Proteins in cells seldom perform biological functions alone but form a larger molecular component with each other to exert specific functions ^[1,2]. With the development of high-throughput technologies such as mass spectrometry ^[3,4] and two-hybrid systems ^[5,6], numerous interactions among proteins have been acquired, resulting in large-scale protein-protein interaction (PPI) networks. Identifying the underlying protein functional modules from PPI networks is important to explore the biological process ^[7] in cells and to elucidate the disease-causing mechanisms ^[8]. Recent studies suggest that proteins densely interacting with each other are more likely to perform similar or the same biological functions ^[9,10], and various functional modules or protein complex detection algorithms have been proposed ^[11,12,13].

Typically, the PPI networks are modeled as graphs in which the proteins are the nodes and the interactions between the proteins are the edges ^[14]. A functional module can be regarded as sub-graphs with the nodes connected to each other more densely than others in the rest of the graph ^[15,16] with specific molecular functions. Thus, the goal of detecting functional modules from PPI networks can be determined using graph clustering method. For example, the cliques (fully linked sub-graphs) in a graph have been used for developing functional module detection algorithms, such as MC ^[17], LCMA ^[18], and CFinder ^[19]. Other proposed particular methods include core-attachment based methods, such as COACH ^[20]. However, these previous methods are only relied on the topological structure of the PPI networks. In addition, the current available protein interactions are rather limited and prone to be specious^[21]. Therefore, to improve the performance, Zhang et al. ^[22] proposed a generative model that takes the topological structure and Gene Ontology (GO) information together to detect functional modules. Georgii et al. ^[23] used gene expression data or phenotype data to build a weighted PPI network and then analyzed the functional modules in the PPI networks. Zhang et al. ^[24] developed an NMF-based functional module detection method named CoNMF that employs gene expression data and topological information simultaneously. To some extent, these methods reduce the drawback of those solely relied on the PPI network data, however, incorporating multiple data points would also induce more noises.

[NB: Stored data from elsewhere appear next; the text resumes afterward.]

lemma cinner_add_left: "cinner (x + y) (z::'a::chilbert) = cinner x z + cinner y z"
  by (metis cinner_add_right cinner_commute complex_cnj_add)

lemma cinner_scaleC_left: "cinner (a *\<^sub>C x) (y::'a::chilbert) = cnj a * cinner x y"
  by (metis cinner_commute cinner_scaleC_right complex_cnj_mult)

lemma cinner_minus_right: "cinner x (- y::'a::chilbert) = - cinner x y"
  by (metis cinner_scaleC_right mult_minus1 scaleC_minus1)

lemma cinner_minus_left: "cinner (- x) (y::'a::chilbert) = - cinner x y"
  by (metis cinner_commute cinner_minus_right complex_cnj_minus)

lemma cinner_diff_right: "cinner x (y - z::'a::chilbert) = cinner x y - cinner x z"
  by (simp only: diff_conv_add_uminus cinner_add_right cinner_minus_right)

lemma cinner_diff_left: "cinner (x - y) (z::'a::chilbert) = cinner x z - cinner y z"
  by (simp only: diff_conv_add_uminus cinner_add_left cinner_minus_left)

lemma cinner_self_eq_zero: "cinner x (x::'a::chilbert) = 0 \<longleftrightarrow> x = 0"
  using cinner_self_norm[of x] by auto

lemma cinner_diff_scaleC_self:
  "cinner (w - t *\<^sub>C v) (w - t *\<^sub>C v) =
     cinner w w - t * cinner w v - cnj t * cinner v w + cnj t * t * cinner v (v::'a::chilbert)"
  by (simp add: cinner_diff_left cinner_diff_right cinner_scaleC_left cinner_scaleC_right algebra_simps)

lemma parallelogram_law:
  "norm (a - b)^2 + norm (a + b)^2 = 2 * norm a^2 + 2 * norm (b::'a::chilbert)^2"
proof -
  have "complex_of_real (norm (a - b)^2 + norm (a + b)^2) = complex_of_real (2 * norm a^2 + 2 * norm b^2)"
    by (simp only: of_real_add of_real_mult cinner_self_norm[symmetric])
       (simp add: cinner_diff_left cinner_diff_right cinner_add_left cinner_add_right)
  then show ?thesis
    using of_real_eq_iff by blast
qed

instantiation prod :: (chilbert, chilbert) chilbert
begin

definition scaleC_prod_def: "scaleC c p = (c *\<^sub>C fst p, c *\<^sub>C snd p)"

definition cinner_prod_def: "cinner p q = cinner (fst p) (fst q) + cinner (snd p) (snd q)"

instance
proof
  fix a b :: complex and x y z :: "'a \<times> 'b" and r :: real
  show "a *\<^sub>C (x + y) = a *\<^sub>C x + a *\<^sub>C y"
    by (simp add: scaleC_prod_def scaleC_add_right)
  show "(a + b) *\<^sub>C x = a *\<^sub>C x + b *\<^sub>C x"
    by (simp add: scaleC_prod_def scaleC_add_left)
  show "a *\<^sub>C b *\<^sub>C x = (a * b) *\<^sub>C x"
    by (simp add: scaleC_prod_def scaleC_scaleC)
  show "1 *\<^sub>C x = x"
    by (simp add: scaleC_prod_def scaleC_one)
  show "r *\<^sub>R x = complex_of_real r *\<^sub>C x"
    by (simp add: scaleC_prod_def scaleR_scaleC prod_eq_iff)
  show "cinner x y = cnj (cinner y x)"
    by (simp add: cinner_prod_def) (metis cinner_commute)
  show "cinner x (y + z) = cinner x y + cinner x z"
    by (simp add: cinner_prod_def cinner_add_right)
  show "cinner x (a *\<^sub>C y) = a * cinner x y"
    by (simp add: cinner_prod_def scaleC_prod_def cinner_scaleC_right algebra_simps)
  show "cinner x x = complex_of_real ((norm x)^2)"
    by (simp add: cinner_prod_def norm_prod_def cinner_self_norm)
qed

end

lemma cinner_Pair [simp]: "cinner (a, b) (c, d) = cinner a c + cinner (b::'a::chilbert) (d::'a)"
  by (simp add: cinner_prod_def)

lemma scaleC_Pair [simp]: "k *\<^sub>C (a, b) = (k *\<^sub>C a, k *\<^sub>C (b::'a::chilbert))"
  by (simp add: scaleC_prod_def)

lemma cinner2_eq_cinner: "cinner2 p q = cinner p q"
  by (simp add: cinner_prod_def cinner2_def)

section \<open>Complex subspaces and orthogonal projection\<close>

definition csubspace :: "'a::chilbert set \<Rightarrow> bool" where
  "csubspace M \<longleftrightarrow> 0 \<in> M \<and> (\<forall>x\<in>M. \<forall>y\<in>M. x + y \<in> M) \<and> (\<forall>c. \<forall>x\<in>M. c *\<^sub>C x \<in> M)"

lemma csubspace_0: "csubspace M \<Longrightarrow> 0 \<in> M"
  by (simp add: csubspace_def)

lemma csubspace_add: "csubspace M \<Longrightarrow> x \<in> M \<Longrightarrow> y \<in> M \<Longrightarrow> x + y \<in> M"
  by (simp add: csubspace_def)

lemma csubspace_scaleC: "csubspace M \<Longrightarrow> x \<in> M \<Longrightarrow> c *\<^sub>C x \<in> M"
  by (simp add: csubspace_def)

lemma csubspace_neg: "csubspace M \<Longrightarrow> x \<in> M \<Longrightarrow> - x \<in> M"
  by (metis csubspace_scaleC scaleC_minus1)

lemma csubspace_diff: "csubspace M \<Longrightarrow> x \<in> M \<Longrightarrow> y \<in> M \<Longrightarrow> x - y \<in> M"
  by (metis csubspace_add csubspace_neg diff_conv_add_uminus)

lemma csubspace_scaleR: "csubspace M \<Longrightarrow> x \<in> M \<Longrightarrow> r *\<^sub>R x \<in> M"
  by (simp add: csubspace_scaleC scaleR_scaleC)

lemma csubspace_sum:
  assumes "csubspace M" "finite F" "F \<subseteq> M"
  shows "(\<Sum>v\<in>F. c v *\<^sub>C v) \<in> M"
  using assms(2,3)
  by (induction F rule: finite_induct)
     (auto simp: csubspace_0[OF assms(1)] intro: csubspace_add[OF assms(1)] csubspace_scaleC[OF assms(1)])

lemma minimizing_sequence_Cauchy:
  fixes M :: "'a::chilbert set"
  assumes M: "csubspace M"
    and d: "0 \<le> d" "\<And>m. m \<in> M \<Longrightarrow> d \<le> norm (z - m)"
    and f: "\<And>n. f n \<in> M" "\<And>n. norm (z - f n)^2 < d^2 + inverse (real (Suc n))"
  shows "Cauchy f"
proof -
  have bound: "norm (f n - f k)^2 \<le> 2 * inverse (real (Suc n)) + 2 * inverse (real (Suc k))" for n k
  proof -
    define a b where "a = z - f n" and "b = z - f k"
    \<comment> \<open>the midpoint of \<open>f n\<close> and \<open>f k\<close> lies in \<open>M\<close>, so \<open>\<parallel>a + b\<parallel> \<ge> 2d\<close>\<close>
    have mid: "(1/2) *\<^sub>R (f n + f k) \<in> M"
      using M f(1) by (intro csubspace_scaleR csubspace_add)
    have "a + b = 2 *\<^sub>R (z - (1/2) *\<^sub>R (f n + f k))"
      unfolding a_def b_def by (simp add: algebra_simps scaleR_2)
    then have "norm (a + b) \<ge> 2 * d"
      using d(2)[OF mid] by simp
    then have "norm (a + b)^2 \<ge> 4 * d^2"
      using d(1) power_mono[of "2 * d" "norm (a + b)" 2] by (simp add: power_mult_distrib)
    moreover have "norm (f n - f k) = norm (a - b)"
      unfolding a_def b_def by (simp add: norm_minus_commute)
    ultimately show ?thesis
      using parallelogram_law[of a b] f(2)[of n] f(2)[of k] unfolding a_def b_def by simp
  qed
  show "Cauchy f"
  proof (rule metric_CauchyI)
    fix e :: real
    assume e: "0 < e"
    obtain N where N: "inverse (real (Suc N)) < e^2 / 4"
      using reals_Archimedean[of "e^2 / 4"] e by auto
    have "dist (f m) (f n) < e" if "N \<le> m" "N \<le> n" for m n
    proof -
      have "inverse (real (Suc m)) \<le> inverse (real (Suc N))" "inverse (real (Suc n)) \<le> inverse (real (Suc N))"
        using that by (simp_all add: le_imp_inverse_le)
      moreover have "(dist (f m) (f n))^2 \<le> 2 * inverse (real (Suc m)) + 2 * inverse (real (Suc n))"
        using bound[of m n] by (simp add: dist_norm)
      ultimately have "(dist (f m) (f n))^2 < e^2"
        using N by linarith
      then show ?thesis
        using e power_less_imp_less_base by fastforce
    qed
    then show "\<exists>N. \<forall>m\<ge>N. \<forall>n\<ge>N. dist (f m) (f n) < e"
      by blast
  qed
qed

lemma closed_csubspace_nearest_point:
  fixes M :: "'a::chilbert set"
  assumes M: "csubspace M" "closed M"
  shows "\<exists>m\<in>M. \<forall>m'\<in>M. norm (z - m) \<le> norm (z - m')"
proof -
  define d where "d = Inf ((\<lambda>m. norm (z - m)) ` M)"
  have ne: "(\<lambda>m. norm (z - m)) ` M \<noteq> {}"
    using csubspace_0[OF M(1)] by auto
  have bdd: "bdd_below ((\<lambda>m. norm (z - m)) ` M)"
    by (rule bdd_belowI[of _ 0]) auto
  have d_le: "d \<le> norm (z - m)" if "m \<in> M" for m
    unfolding d_def using bdd that by (auto intro: cInf_lower)
  have d0: "0 \<le> d"
    unfolding d_def using ne by (auto intro: cInf_greatest)
  have "\<exists>m\<in>M. norm (z - m)^2 < d^2 + inverse (real (Suc n))" for n
  proof -
    have "d < sqrt (d^2 + inverse (real (Suc n)))"
      using d0 by (intro real_less_rsqrt) simp
    then obtain m where m: "m \<in> M" "norm (z - m) < sqrt (d^2 + inverse (real (Suc n)))"
      using cInf_lessD[OF ne] unfolding d_def by blast
    then have "norm (z - m)^2 < (sqrt (d^2 + inverse (real (Suc n))))^2"
      by (intro power_strict_mono) auto
    then show ?thesis
      using m(1) by (auto simp: add_nonneg_pos)
  qed
  then obtain f where f: "\<And>n. f n \<in> M" "\<And>n. norm (z - f n)^2 < d^2 + inverse (real (Suc n))"
    by metis
  have "Cauchy f"
    using minimizing_sequence_Cauchy[OF M(1) d0 d_le f] .
  then obtain L where L: "f \<longlonglongrightarrow> L"
    using Cauchy_convergent_iff convergent_def by blast
  have "L \<in> M"
    using closed_sequentially[OF M(2) _ L] f(1) by blast
  moreover have "norm (z - L) \<le> norm (z - m')" if m': "m' \<in> M" for m'
  proof -
    have "(\<lambda>n. norm (z - f n)^2) \<longlonglongrightarrow> norm (z - L)^2"
      by (intro tendsto_intros L)
    moreover have "(\<lambda>n. norm (z - m')^2 + inverse (real (Suc n))) \<longlonglongrightarrow> norm (z - m')^2 + 0"
      by (intro tendsto_add tendsto_const LIMSEQ_inverse_real_of_nat)
    moreover have "norm (z - f n)^2 \<le> norm (z - m')^2 + inverse (real (Suc n))" for n
    proof -
      have "d^2 \<le> norm (z - m')^2"
        using d_le[OF m'] d0 by (intro power_mono) auto
      then show ?thesis
        using f(2)[of n] by linarith
    qed
    ultimately have "norm (z - L)^2 \<le> norm (z - m')^2 + 0"
      by (intro LIMSEQ_le) auto
    then show ?thesis
      using power2_le_imp_le[OF _ norm_ge_zero] by simp
  qed
  ultimately show ?thesis
    by blast
qed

The databases on high-quality protein complexes, such as CORUM and PCDq ^[25], can be used for detect functional modules. Qi et al. ^[26] propose a semi-supervised functional module detection method named SCI-BN that extracts topological and biological features from known complexes and then uses them to train a Bayesian network for each sub-graph. Yu et al. ^[2] utilized the known protein complexes and the PPI network together to extract features and then used clique based algorithms to detect the functional modules. However, these two supervised approaches extract features from known complexes, which make them difficult to discover unknown functional modules.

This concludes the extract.